Today's geopolitical crisis is playing out in a similarly extended timeframe. Just as investors seize on scraps of good news as they track the stock market from hour to hour, so it's still possible for die-hard Bush supporters to point to improvements in the security situation in Iraq. Since the "surge" of additional US troops got under way, there's no question that things have improved.

Indeed, the admirably impartial Brookings Institution's most recent Iraq Index report states that "civilian fatality levels in Iraq now seem to have declined substantially. In particular, the monthly civilian fatality rate from sectarian violence appears about one-third lower than in the pre-surge months". The latest figures reveal marked declines in Iraqi military and police fatalities, and in the number of victims of multiple fatality bombings. August has almost certainly been the best month in Iraq for over a year.

Yet the monthly death tolls scarcely tell a story of incipient peace. At least 655 Iraqi civilians lost their lives last month as a result of bombings. Seventy-five American military personnel were killed, and 402 were wounded. Meanwhile, the prospects for an enduring and peaceful political solution to the conflicts between Shias, Sunnis and Kurds seem as remote as ever. And, back at home, public confidence in President Bush's strategy is at an all-time low.

This is one important respect in which President Bush may be right in drawing a parallel between Iraq and Vietnam. The American people had lost faith in the war in Vietnam as early as the Tet Offensive, which began at the end of January 1968. From October 1968 onwards, a clear majority of Americans were telling pollsters they regarded the war as a mistake. By that time the Paris peace talks between the United States and the North Vietnamese had already been initiated. Yet it was not until January 27, 1973, that the Paris Peace Accords were finally signed. In other words, the agony of ending the Vietnam War lasted more than 1,800 days. Nor was that the end of the story. It was not until April 30, 1975, that Saigon fell and the last American ambassador to South Vietnam was helicoptered off the embassy roof.

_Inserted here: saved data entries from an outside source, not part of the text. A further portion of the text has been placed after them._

lemma regularized_extragradient_descent:
  fixes F H :: "'a::euclidean_space \<Rightarrow> 'a" and LF LH \<eta> :: real
  defines "L \<equiv> LF + \<eta> * LH"
  assumes F_mono: "monotone_op F DomF" and F_lip: "LF-lipschitz_on DomF F"
    and H_strong: "strongly_monotone_op \<mu> H DomH" and H_lip: "LH-lipschitz_on DomH H"
    and X: "convex X" "closed X" and \<Omega>: "convex \<Omega>" "closed \<Omega>"
    and sub: "X \<subseteq> \<Omega>" "\<Omega> \<subseteq> DomF \<inter> DomH"
    and "0 < \<mu>" "0 < \<eta>" "0 < lam" "lam * L < 1" "z \<in> X"
    and y_def: "y = closest_point X (w - lam *\<^sub>R (F (closest_point \<Omega> w) + \<eta> *\<^sub>R H (closest_point \<Omega> w)))"
    and x'_def: "x' = closest_point X (w - lam *\<^sub>R (F y + \<eta> *\<^sub>R H y))"
  shows "2 * lam * inner (F z + \<eta> *\<^sub>R H z) (y - z)
    \<le> (1 - inverse (1 / (1 - lam\<^sup>2 * L\<^sup>2) + 1 / (2 * lam * \<eta> * \<mu>))) * (norm (w - z))\<^sup>2
       - (norm (x' - z))\<^sup>2"
proof -
  define G where "G u = F u + \<eta> *\<^sub>R H u" for u
  have step: "(norm (x' - z))\<^sup>2 \<le> (norm (w - z))\<^sup>2 - (1 - lam\<^sup>2 * L\<^sup>2) * (norm (w - y))\<^sup>2
      + 2 * lam * inner (G y) (z - y)"
    unfolding L_def G_def using F_lip H_lip X \<Omega> sub \<open>0 < \<eta>\<close> \<open>0 < lam\<close> \<open>z \<in> X\<close> y_def x'_def
    by (intro regularized_extragradient_step) auto
  have "y \<in> X" using \<open>z \<in> X\<close> X unfolding y_def by (auto intro: closest_point_in_set)
  then have "y \<in> DomF" "y \<in> DomH" "z \<in> DomF" "z \<in> DomH"
    using \<open>z \<in> X\<close> sub by auto
  then have "0 \<le> inner (F z - F y) (z - y)" "\<mu> * (norm (z - y))\<^sup>2 \<le> inner (H z - H y) (z - y)"
    using F_mono H_strong unfolding monotone_op_def strongly_monotone_op_def by auto
  then have "inner (G y) (z - y) \<le> inner (G z) (z - y) - \<eta> * \<mu> * (norm (z - y))\<^sup>2"
    using mult_left_mono[of "\<mu> * (norm (z - y))\<^sup>2" "inner (H z - H y) (z - y)" \<eta>] \<open>0 < \<eta>\<close>
    unfolding G_def by (simp add: inner_add_left inner_diff_left algebra_simps)
  then have "2 * lam * inner (G y) (z - y)
      \<le> 2 * lam * (inner (G z) (z - y) - \<eta> * \<mu> * (norm (z - y))\<^sup>2)"
    using \<open>0 < lam\<close> by (intro mult_left_mono) auto
  then have G_mono: "2 * lam * inner (G y) (z - y)
      \<le> 2 * lam * inner (G z) (z - y) - (2 * lam * \<eta> * \<mu>) * (norm (z - y))\<^sup>2"
    by (simp add: algebra_simps)
  have harmonic: "inverse (1 / (1 - lam\<^sup>2 * L\<^sup>2) + 1 / (2 * lam * \<eta> * \<mu>)) * (norm (w - z))\<^sup>2
      \<le> (1 - lam\<^sup>2 * L\<^sup>2) * (norm (w - y))\<^sup>2 + (2 * lam * \<eta> * \<mu>) * (norm (z - y))\<^sup>2"
  proof (rule inverse_sum_inverse_mult_sq_le)
    have "0 \<le> L" unfolding L_def
      using lipschitz_on_nonneg[OF F_lip] lipschitz_on_nonneg[OF H_lip] \<open>0 < \<eta>\<close> by simp
    then have "(lam * L)\<^sup>2 < 1"
      using \<open>lam * L < 1\<close> \<open>0 < lam\<close> by (simp add: abs_square_less_1)
    then show "0 < 1 - lam\<^sup>2 * L\<^sup>2" by (simp add: power_mult_distrib)
    show "0 < 2 * lam * \<eta> * \<mu>" using \<open>0 < lam\<close> \<open>0 < \<eta>\<close> \<open>0 < \<mu>\<close> by simp
    show "norm (w - z) \<le> norm (w - y) + norm (z - y)"
      using norm_triangle_ineq[of "w - y" "y - z"] by (simp add: norm_minus_commute)
  qed simp
  have "inner (G z) (y - z) = - inner (G z) (z - y)" by (simp add: inner_diff_right)
  with step G_mono harmonic show ?thesis unfolding G_def by (simp add: algebra_simps)
qed

definition inv_prod_one_minus :: "(nat \<Rightarrow> real) \<Rightarrow> nat \<Rightarrow> real" where
  "inv_prod_one_minus \<beta> k = inverse (\<Prod>i<k. 1 - \<beta> i)"

lemma inv_prod_one_minus_0 [simp]: "inv_prod_one_minus \<beta> 0 = 1"
  by (simp add: inv_prod_one_minus_def)

lemma inv_prod_one_minus_Suc:
  "\<beta> k < 1 \<Longrightarrow> inv_prod_one_minus \<beta> (Suc k) * (1 - \<beta> k) = inv_prod_one_minus \<beta> k"
  by (simp add: inv_prod_one_minus_def)

lemma inv_prod_one_minus_pos: "(\<And>i. \<beta> i < 1) \<Longrightarrow> 0 < inv_prod_one_minus \<beta> k"
  unfolding inv_prod_one_minus_def by (simp add: prod_pos)

lemma inv_prod_one_minus_ge_inverse_power:
  assumes "\<And>i. b \<le> \<beta> i" "\<And>i. \<beta> i < 1"
  shows "inverse ((1 - b) ^ k) \<le> inv_prod_one_minus \<beta> k"
proof -
  have "(\<Prod>i<k. 1 - \<beta> i) \<le> (\<Prod>i<k. 1 - b)"
    using assms by (intro prod_mono) (auto simp: less_imp_le)
  then show ?thesis
    unfolding inv_prod_one_minus_def using assms by (intro le_imp_inverse_le) (auto simp: prod_pos)
qed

In just the same way, the outcome of the American intervention in Iraq will be determined not in Baghdad but in Washington, even if the final act in the tragedy is indeed another airlift, this time from the Green Zone. Sooner or later, this President or his successor will come under irresistible public pressure to start drawing down the number of American troops in Iraq. This will almost certainly happen, as in Vietnam, before the country they are leaving has genuinely been stabilised. And the eventual end of a united Iraq, like the fate of South Vietnam, will be bloody.

This great crisis of American foreign policy, like the slow-burning financial crisis we are living through, will play out over hundreds, if not thousands of days. Throughout that time, we shall read many reports in the newspapers that the surge is working and the markets are rallying. But these reports will just be so much "noise" - mere static on the airwaves of history.

As in the early Sixties, the underlying geopolitical and financial crises of our time are intertwined and inexorable.